Javascript Regex I'm struggling with

For >> both inside a string and with leading whitespace, try:

/(\s*)(>>){1}/

If you want the space to be optional, then you can simply do this :

/>>/

And you may use it as a replacement pattern with the g modifier :

str = str.replace(/>>/g, 'something') 

If you want to check that a string is >> with maybe some space before, then use

/^\s?>>$/

Breaking down your example:

1. \s will match any white-space character
2. \s+ will match one or more white-space characters
3. [>>] will match one > (see more below on this)

So your expression will match a > preceeded by at least two white-space characters.

If you want to match zero-or-more you will have to use *; fex \s*.

Square brackets are used to denote sets of characters, and will match any of the characters in the set; fex [abc] will match a, b or c, but only one character at time.

Single characters in a regular expression will match that character; fex > will match one greater-than sign.

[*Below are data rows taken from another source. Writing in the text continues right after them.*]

(* Let $X$ be a compact Hausdorff space, $(H,e)$ a unital Hilbert space, and $T:C(X)\to H$ a unital positive linear map with associated probability measure $\mu$ (so $(Tv,e)=\int v\,d\mu$). Then $T$ is a nuclear morphism if and only if $T+e\odot q$ is separable for some $q\in I_\mu(X)$; in this case $q$ can be chosen positive.
   Context: A Hilbert $*$-space is a complex Hilbert space (inner product linear in the first variable) with a conjugate-linear $\zeta\mapsto\zeta^*$, $\zeta^{**}=\zeta$, $(\zeta^*,\eta^* )=\overline{(\zeta,\eta)}$. A unital Hilbert space $(H,e)$ has a fixed hermitian unit vector $e$ and unital cone $\mathfrak c_e=\{\zeta\in H_h:\|\zeta\|\le\sqrt2(\zeta,e)\}$. A linear map $T:C(X)\to H$ is unital positive if $T(1)=e$ and $T(C(X)_+)\subseteq\mathfrak c_e$; for such $T$, $v\mapsto(Tv,e)$ is given by a unique probability Radon measure $\mu$. Radon measures are identified with functionals on $C(X)$, $\langle v,q\rangle=\int v\,dq$, with total-variation norm $\|q\|$. $I_\mu(X)$ denotes the set of real (signed) Radon measures absolutely continuous with respect to $\mu$ (i.e. $h\mu$ with $h\in L^1(X,\mu)$ real). For $\gamma\in H$ and a measure $q$, $\gamma\odot q$ is the map $v\mapsto\langle v,q\rangle\gamma$. A linear map $\phi:C(X)\to H$ is separable if there are positive Radon measures $q_l$ and vectors $p_l\in\mathfrak c_e$ ($l=1,2,\dots$) with $\phi(v)=\lim_k\sum_{l=1}^k\langle v,q_l\rangle p_l$ in $H$ for every $v$. $T$ is a nuclear morphism if $T=\sum_l\gamma_l\odot q_l$ with $\gamma_l\in H_h$, $\|\gamma_l\|\le1$, $q_l\in I_\mu(X)$ and $\sum_l\|q_l\|<\infty$. *)

theory Defs
  imports "HOL-Probability.Probability"
begin

text \<open>The carrier is a real Banach space type 'h;
  complex scalar multiplication cmul extends the real one, ip is a complex inner
  product (linear in the first variable) inducing the norm, and star is the involution.\<close>

definition hilbert_star_space ::
  "(complex \<Rightarrow> 'h::banach \<Rightarrow> 'h) \<Rightarrow> ('h \<Rightarrow> 'h \<Rightarrow> complex) \<Rightarrow> ('h \<Rightarrow> 'h) \<Rightarrow> bool" where
  "hilbert_star_space cmul ip star \<longleftrightarrow>
     (\<forall>r x. cmul (complex_of_real r) x = scaleR r x) \<and>
     (\<forall>a b x. cmul (a + b) x = cmul a x + cmul b x) \<and>
     (\<forall>a x y. cmul a (x + y) = cmul a x + cmul a y) \<and>
     (\<forall>a b x. cmul (a * b) x = cmul a (cmul b x)) \<and>
     (\<forall>x y z. ip (x + y) z = ip x z + ip y z) \<and>
     (\<forall>a x y. ip (cmul a x) y = a * ip x y) \<and>
     (\<forall>x y. ip y x = cnj (ip x y)) \<and>
     (\<forall>x. norm x = sqrt (Re (ip x x))) \<and>
     (\<forall>x y. star (x + y) = star x + star y) \<and>
     (\<forall>a x. star (cmul a x) = cmul (cnj a) (star x)) \<and>
     (\<forall>x. star (star x) = x) \<and>
     (\<forall>x y. ip (star x) (star y) = cnj (ip x y))"

definition hermitian :: "('h \<Rightarrow> 'h) \<Rightarrow> 'h set" where
  "hermitian star = {z. star z = z}"

definition unital_cone ::
  "('h::real_normed_vector \<Rightarrow> 'h \<Rightarrow> complex) \<Rightarrow> ('h \<Rightarrow> 'h) \<Rightarrow> 'h \<Rightarrow> 'h set" where
  "unital_cone ip star e = {z \<in> hermitian star. norm z \<le> sqrt 2 * Re (ip z e)}"

text \<open>C(X): continuous complex-valued functions on X (X compact, so UNIV of the type).\<close>
definition CX :: "('x::topological_space \<Rightarrow> complex) set" where
  "CX = {v. continuous_on UNIV v}"

definition CX_pos :: "('x::topological_space \<Rightarrow> complex) set" where
  "CX_pos = {v \<in> CX. \<forall>x. Im (v x) = 0 \<and> Re (v x) \<ge> 0}"

text \<open>Linear maps C(X) \<rightarrow> H (only the values on C(X) matter).\<close>
definition lin_map :: "(complex \<Rightarrow> 'h::real_vector \<Rightarrow> 'h) \<Rightarrow> (('x::topological_space \<Rightarrow> complex) \<Rightarrow> 'h) \<Rightarrow> bool" where
  "lin_map cmul T \<longleftrightarrow>
     (\<forall>v\<in>CX. \<forall>w\<in>CX. T (\<lambda>x. v x + w x) = T v + T w) \<and>
     (\<forall>c. \<forall>v\<in>CX. T (\<lambda>x. c * v x) = cmul c (T v))"

definition unital_positive ::
  "(complex \<Rightarrow> 'h::real_normed_vector \<Rightarrow> 'h) \<Rightarrow> ('h \<Rightarrow> 'h \<Rightarrow> complex) \<Rightarrow> ('h \<Rightarrow> 'h) \<Rightarrow> 'h
   \<Rightarrow> (('x::topological_space \<Rightarrow> complex) \<Rightarrow> 'h) \<Rightarrow> bool" where
  "unital_positive cmul ip star e T \<longleftrightarrow>
     lin_map cmul T \<and> T (\<lambda>x. 1) = e \<and> (\<forall>v\<in>CX_pos. T v \<in> unital_cone ip star e)"

definition radon_measure :: "'x::topological_space measure \<Rightarrow> bool" where
  "radon_measure M \<longleftrightarrow> sets M = sets borel \<and> finite_measure M \<and>
     (\<forall>A\<in>sets M. emeasure M A = (SUP K\<in>{K. compact K \<and> K \<subseteq> A}. emeasure M K))"

definition pair_meas :: "('x::topological_space \<Rightarrow> complex) \<Rightarrow> 'x measure \<Rightarrow> complex" where
  "pair_meas v q = integral\<^sup>L q v"

text \<open>Elements of I_mu(X) are represented by their (real, mu-integrable) density h,
  i.e. q = h mu.  Pairing and total variation norm:\<close>
definition in_I :: "'x::topological_space measure \<Rightarrow> ('x \<Rightarrow> real) \<Rightarrow> bool" where
  "in_I \<mu> h \<longleftrightarrow> h \<in> borel_measurable \<mu> \<and> integrable \<mu> h"

definition pair_dens :: "'x::topological_space measure \<Rightarrow> ('x \<Rightarrow> complex) \<Rightarrow> ('x \<Rightarrow> real) \<Rightarrow> complex" where
  "pair_dens \<mu> v h = (\<integral>x. v x * complex_of_real (h x) \<partial>\<mu>)"

definition tv_norm_dens :: "'x::topological_space measure \<Rightarrow> ('x \<Rightarrow> real) \<Rightarrow> real" where
  "tv_norm_dens \<mu> h = (\<integral>x. \<bar>h x\<bar> \<partial>\<mu>)"

definition separable_map ::
  "(complex \<Rightarrow> 'h::real_normed_vector \<Rightarrow> 'h) \<Rightarrow> ('h \<Rightarrow> 'h \<Rightarrow> complex) \<Rightarrow> ('h \<Rightarrow> 'h) \<Rightarrow> 'h
   \<Rightarrow> (('x::topological_space \<Rightarrow> complex) \<Rightarrow> 'h) \<Rightarrow> bool" where
  "separable_map cmul ip star e \<phi> \<longleftrightarrow>
     lin_map cmul \<phi> \<and>
     (\<exists>(q::nat \<Rightarrow> 'x measure) (p::nat \<Rightarrow> 'h).
        (\<forall>l. radon_measure (q l)) \<and> (\<forall>l. p l \<in> unital_cone ip star e) \<and>
        (\<forall>v\<in>CX. (\<lambda>k. \<Sum>l<k. cmul (pair_meas v (q l)) (p l)) \<longlonglongrightarrow> \<phi> v))"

Putting it together we get the following regular expression for your case:

/\s*>>/

If you want it to match an unlimited amount of leading space characters:

/ *>>/

If you want it to match 0 or 1 leading space character:

/ ?>>/

use this :

str.replace(/\s+>>/g, 'whatever'); 

This regex should work.

/\s*[>]{2}/

This is cleaner

/\s*>>/

Tested:

var pattern = /\s*>>/;
s1 = "             >>";
s2 = ">>";
s3 = ">> surrounding text";
s4 = "surrounding  >> text";
s5 = "surrounding>>text";

s1.match(pattern);
["             >>"]
s2.match(pattern);
[">>"]
s3.match(pattern);
[">>"]
s4.match(pattern);
["  >>"]
s5.match(pattern);
[">>"]

Replacement example

var pattern = /\s*>>/;
var s6 = "    >> surrounding text";
s6.replace(pattern, ">");
"> surrounding text"

This should work with the optional space.

/\s{0,}>>/g